lemma weighted_sum_loss_diff_eq_breg_diff:
  fixes w y :: "'a \<Rightarrow> real"
  assumes "finite A" and "\<And>t. t \<in> A \<Longrightarrow> w t \<ge> 0" and "\<And>t. t \<in> A \<Longrightarrow> y t \<in> {0, 1}"
  defines "x \<equiv> (\<Sum>t\<in>A. y t * w t) / (\<Sum>t\<in>A. w t)"
  shows "(\<Sum>t\<in>A. w t * (L q (y t) - L s (y t))) = (\<Sum>t\<in>A. w t) * (breg L x q - breg L x s)"
  using weighted_sum_loss_eq_breg[OF assms(1-3), where L = L and q = q]
    weighted_sum_loss_eq_breg[OF assms(1-3), where L = L and q = s]
  by (simp add: x_def sum_subtractf algebra_simps)

lemma sum_group_by_value:
  fixes f :: "'b \<Rightarrow> 'a \<Rightarrow> real"
  assumes "finite Z" and "\<And>t. t \<in> A \<Longrightarrow> p t \<in> Z"
  shows "(\<Sum>t\<in>A. f (p t) t) = (\<Sum>q\<in>Z. \<Sum>t\<in>A. (if p t = q then 1 else 0) * f q t)"
proof -
  have "(\<Sum>q\<in>Z. (if p t = q then 1 else 0) * f q t) = f (p t) t" if "t \<in> A" for t
  proof -
    have "(\<Sum>q\<in>Z. (if p t = q then 1 else 0) * f q t) = (\<Sum>q\<in>Z. if p t = q then f q t else 0)"
      by (rule sum.cong) auto
    then show ?thesis
      using assms that by simp
  qed
  then have "(\<Sum>t\<in>A. f (p t) t) = (\<Sum>t\<in>A. \<Sum>q\<in>Z. (if p t = q then 1 else 0) * f q t)"
    by simp
  also have "\<dots> = (\<Sum>q\<in>Z. \<Sum>t\<in>A. (if p t = q then 1 else 0) * f q t)"
    by (rule sum.swap)
  finally show ?thesis .
qed

lemma SReg_sigma_eq_breg:
  assumes "finite Z" and "\<And>t. t \<in> {1..T} \<Longrightarrow> p t \<in> Z"
    and "\<And>t. t \<in> {1..T} \<Longrightarrow> y t \<in> {0, 1}"
  shows "SReg_sigma L T p y \<sigma> =
           (\<Sum>q\<in>Z. (\<Sum>t=1..T. (if p t = q then 1 else 0)) *
               (breg L (rho T p y q) q - breg L (rho T p y q) (\<sigma> q)))"
    (is "_ = ?rhs")
proof -
  have "SReg_sigma L T p y \<sigma>
      = (\<Sum>q\<in>Z. \<Sum>t=1..T. (if p t = q then 1 else 0) * (L q (y t) - L (\<sigma> q) (y t)))"
    unfolding SReg_sigma_def
    by (rule sum_group_by_value[where f = "\<lambda>q t. L q (y t) - L (\<sigma> q) (y t)"]) (use assms in auto)
  also have "\<dots> = ?rhs"
    unfolding rho_def
    using assms(3) by (intro sum.cong refl weighted_sum_loss_diff_eq_breg_diff) auto
  finally show ?thesis .
qed

lemma PSReg_sigma_eq_breg:
  assumes "\<And>t q. t \<in> {1..T} \<Longrightarrow> q \<in> Z \<Longrightarrow> P t q \<ge> 0"
    and "\<And>t. t \<in> {1..T} \<Longrightarrow> y t \<in> {0, 1}"
  shows "PSReg_sigma L Z T P y \<sigma> =
           (\<Sum>q\<in>Z. (\<Sum>t=1..T. P t q) *
               (breg L (rho_tilde T P y q) q - breg L (rho_tilde T P y q) (\<sigma> q)))"
  unfolding PSReg_sigma_def rho_tilde_def
  using assms by (intro sum.cong refl weighted_sum_loss_diff_eq_breg_diff) auto

lemma SUP_swap_functions_breg_gap:
  assumes "proper_loss L" and "Z \<subseteq> {0..1}"
    and W: "\<And>q. q \<in> Z \<Longrightarrow> W q \<ge> 0" and r: "\<And>q. q \<in> Z \<Longrightarrow> r q \<in> {0..1}"
  shows "(SUP \<sigma>\<in>swap_functions. \<Sum>q\<in>Z. W q * (breg L (r q) q - breg L (r q) (\<sigma> q)))
         = (\<Sum>q\<in>Z. W q * breg L (r q) q)"
proof (rule cSup_eq_maximum)
  define \<sigma>\<^sub>0 where "\<sigma>\<^sub>0 x = (if x \<in> Z then r x else 0)" for x
  have "\<sigma>\<^sub>0 \<in> swap_functions"
    using r by (simp add: swap_functions_def \<sigma>\<^sub>0_def)
  moreover have "(\<Sum>q\<in>Z. W q * breg L (r q) q)
      = (\<Sum>q\<in>Z. W q * (breg L (r q) q - breg L (r q) (\<sigma>\<^sub>0 q)))"
    by (simp add: \<sigma>\<^sub>0_def)
  ultimately show "(\<Sum>q\<in>Z. W q * breg L (r q) q)
      \<in> (\<lambda>\<sigma>. \<Sum>q\<in>Z. W q * (breg L (r q) q - breg L (r q) (\<sigma> q))) ` swap_functions"
    by blast
next
  fix v assume "v \<in> (\<lambda>\<sigma>. \<Sum>q\<in>Z. W q * (breg L (r q) q - breg L (r q) (\<sigma> q))) ` swap_functions"
  then obtain \<sigma> where \<sigma>: "\<sigma> \<in> swap_functions"
    and v: "v = (\<Sum>q\<in>Z. W q * (breg L (r q) q - breg L (r q) (\<sigma> q)))"
    by blast
  have "breg L (r q) (\<sigma> q) \<ge> 0" if "q \<in> Z" for q
    using breg_nonneg[OF assms(1) r] \<sigma> assms(2) that by (auto simp: swap_functions_def)
  then show "v \<le> (\<Sum>q\<in>Z. W q * breg L (r q) q)"
    unfolding v using W by (intro sum_mono) (simp add: algebra_simps)
qed

lemma SReg_eq_breg:
  assumes "proper_loss L" and "finite Z" and "Z \<subseteq> {0..1}"
    and p: "\<And>t. t \<in> {1..T} \<Longrightarrow> p t \<in> Z" and y: "\<And>t. t \<in> {1..T} \<Longrightarrow> y t \<in> {0, 1}"
  shows "SReg L T p y = (\<Sum>q\<in>Z. \<Sum>t=1..T. (if p t = q then 1 else 0) * breg L (rho T p y q) q)"
proof -
  have rho: "rho T p y q \<in> {0..1}" for q
    unfolding rho_def by (rule weighted_mean_in_unit_interval) (use y in auto)
  have weight: "(\<Sum>t=1..T. if p t = q then 1 else 0) \<ge> (0::real)" for q
    by (rule sum_nonneg) auto
  have regret: "SReg_sigma L T p y = (\<lambda>\<sigma>. \<Sum>q\<in>Z. (\<Sum>t=1..T. if p t = q then 1 else 0) *
      (breg L (rho T p y q) q - breg L (rho T p y q) (\<sigma> q)))"
    by (rule ext) (rule SReg_sigma_eq_breg[OF assms(2) p y])
  show ?thesis
    unfolding SReg_def regret sum_distrib_right[symmetric]
    by (rule SUP_swap_functions_breg_gap[OF assms(1,3) weight rho])
qed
++++++
### Exercise objective
A faithful, word-for-word transcription of the data above is required.

### Result
lemma weighted_sum_loss_diff_eq_breg_diff:
  fixes w y :: "'a \<Rightarrow> real"
  assumes "finite A" and "\<And>t. t \<in> A \<Longrightarrow> w t \<ge> 0" and "\<And>t. t \<in> A \<Longrightarrow> y t \<in> {0, 1}"
  defines "x \<equiv> (\<Sum>t\<in>A. y t * w t) / (\<Sum>t\<in>A. w t)"
  shows "(\<Sum>t\<in>A. w t * (L q (y t) - L s (y t))) = (\<Sum>t\<in>A. w t) * (breg L x q - breg L x s)"
  using weighted_sum_loss_eq_breg[OF assms(1-3), where L = L and q = q]
    weighted_sum_loss_eq_breg[OF assms(1-3), where L = L and q = s]
  by (simp add: x_def sum_subtractf algebra_simps)

lemma sum_group_by_value:
  fixes f :: "'b \<Rightarrow> 'a \<Rightarrow> real"
  assumes "finite Z" and "\<And>t. t \<in> A \<Longrightarrow> p t \<in> Z"
  shows "(\<Sum>t\<in>A. f (p t) t) = (\<Sum>q\<in>Z. \<Sum>t\<in>A. (if p t = q then 1 else 0) * f q t)"
proof -
  have "(\<Sum>q\<in>Z. (if p t = q then 1 else 0) * f q t) = f (p t) t" if "t \<in> A" for t
  proof -
    have "(\<Sum>q\<in>Z. (if p t = q then 1 else 0) * f q t) = (\<Sum>q\<in>Z. if p t = q then f q t else 0)"
      by (rule sum.cong) auto
    then show ?thesis
      using assms that by simp
  qed
  then have "(\<Sum>t\<in>A. f (p t) t) = (\<Sum>t\<in>A. \<Sum>q\<in>Z. (if p t = q then 1 else 0) * f q t)"
    by simp
  also have "\<dots> = (\<Sum>q\<in>Z. \<Sum>t\<in>A. (if p t = q then 1 else 0) * f q t)"
    by (rule sum.swap)
  finally show ?thesis .
qed

lemma SReg_sigma_eq_breg:
  assumes "finite Z" and "\<And>t. t \<in> {1..T} \<Longrightarrow> p t \<in> Z"
    and "\<And>t. t \<in> {1..T} \<Longrightarrow> y t \<in> {0, 1}"
  shows "SReg_sigma L T p y \<sigma> =
           (\<Sum>q\<in>Z. (\<Sum>t=1..T. (if p t = q then 1 else 0)) *
               (breg L (rho T p y q) q - breg L (rho T p y q) (\<sigma> q)))"
    (is "_ = ?rhs")
proof -
  have "SReg_sigma L T p y \<sigma>
      = (\<Sum>q\<in>Z. \<Sum>t=1..T. (if p t = q then 1 else 0) * (L q (y t) - L (\<sigma> q) (y t)))"
    unfolding SReg_sigma_def
    by (rule sum_group_by_value[where f = "\<lambda>q t. L q (y t) - L (\<sigma> q) (y t)"]) (use assms in auto)
  also have "\<dots> = ?rhs"
    unfolding rho_def
    using assms(3) by (intro sum.cong refl weighted_sum_loss_diff_eq_breg_diff) auto
  finally show ?thesis .
qed

lemma PSReg_sigma_eq_breg:
  assumes "\<And>t q. t \<in> {1..T} \<Longrightarrow> q \<in> Z \<Longrightarrow> P t q \<ge> 0"
    and "\<And>t. t \<in> {1..T} \<Longrightarrow> y t \<in> {0, 1}"
  shows "PSReg_sigma L Z T P y \<sigma> =
           (\<Sum>q\<in>Z. (\<Sum>t=1..T. P t q) *
               (breg L (rho_tilde T P y q) q - breg L (rho_tilde T P y q) (\<sigma> q)))"
  unfolding PSReg_sigma_def rho_tilde_def
  using assms by (intro sum.cong refl weighted_sum_loss_diff_eq_breg_diff) auto

lemma SUP_swap_functions_breg_gap:
  assumes "proper_loss L" and "Z \<subseteq> {0..1}"
    and W: "\<And>q. q \<in> Z \<Longrightarrow> W q \<ge> 0" and r: "\<And>q. q \<in> Z \<Longrightarrow> r q \<in> {0..1}"
  shows "(SUP \<sigma>\<in>swap_functions. \<Sum>q\<in>Z. W q * (breg L (r q) q - breg L (r q) (\<sigma> q)))
         = (\<Sum>q\<in>Z. W q * breg L (r q) q)"
proof (rule cSup_eq_maximum)
  define \<sigma>\<^sub>0 where "\<sigma>\<^sub>0 x = (if x \<in> Z then r x else 0)" for x
  have "\<sigma>\<^sub>0 \<in> swap_functions"
    using r by (simp add: swap_functions_def \<sigma>\<^sub>0_def)
  moreover have "(\<Sum>q\<in>Z. W q * breg L (r q) q)
      = (\<Sum>q\<in>Z. W q * (breg L (r q) q - breg L (r q) (\<sigma>\<^sub>0 q)))"
    by (simp add: \<sigma>\<^sub>0_def)
  ultimately show "(\<Sum>q\<in>Z. W q * breg L (r q) q)
      \<in> (\<lambda>\<sigma>. \<Sum>q\<in>Z. W q * (breg L (r q) q - breg L (r q) (\<sigma> q))) ` swap_functions"
    by blast
next
  fix v assume "v \<in> (\<lambda>\<sigma>. \<Sum>q\<in>Z. W q * (breg L (r q) q - breg L (r q) (\<sigma> q))) ` swap_functions"
  then obtain \<sigma> where \<sigma>: "\<sigma> \<in> swap_functions"
    and v: "v = (\<Sum>q\<in>Z. W q * (breg L (r q) q - breg L (r q) (\<sigma> q)))"
    by blast
  have "breg L (r q) (\<sigma> q) \<ge> 0" if "q \<in> Z" for q
    using breg_nonneg[OF assms(1) r] \<sigma> assms(2) that by (auto simp: swap_functions_def)
  then show "v \<le> (\<Sum>q\<in>Z. W q * breg L (r q) q)"
    unfolding v using W by (intro sum_mono) (simp add: algebra_simps)
qed

lemma SReg_eq_breg:
  assumes "proper_loss L" and "finite Z" and "Z \<subseteq> {0..1}"
    and p: "\<And>t. t \<in> {1..T} \<Longrightarrow> p t \<in> Z" and y: "\<And>t. t \<in> {1..T} \<Longrightarrow> y t \<in> {0, 1}"
  shows "SReg L T p y = (\<Sum>q\<in>Z. \<Sum>t=1..T. (if p t = q then 1 else 0) * breg L (rho T p y q) q)"
proof -
  have rho: "rho T p y q \<in> {0..1}" for q
    unfolding rho_def by (rule weighted_mean_in_unit_interval) (use y in auto)
  have weight: "(\<Sum>t=1..T. if p t = q then 1 else 0) \<ge> (0::real)" for q
    by (rule sum_nonneg) auto
  have regret: "SReg_sigma L T p y = (\<lambda>\<sigma>. \<Sum>q\<in>Z. (\<Sum>t=1..T. if p t = q then 1 else 0) *
      (breg L (rho T p y q) q - breg L (rho T p y q) (\<sigma> q)))"
    by (rule ext) (rule SReg_sigma_eq_breg[OF assms(2) p y])
  show ?thesis
    unfolding SReg_def regret sum_distrib_right[symmetric]
    by (rule SUP_swap_functions_breg_gap[OF assms(1,3) weight rho])
qed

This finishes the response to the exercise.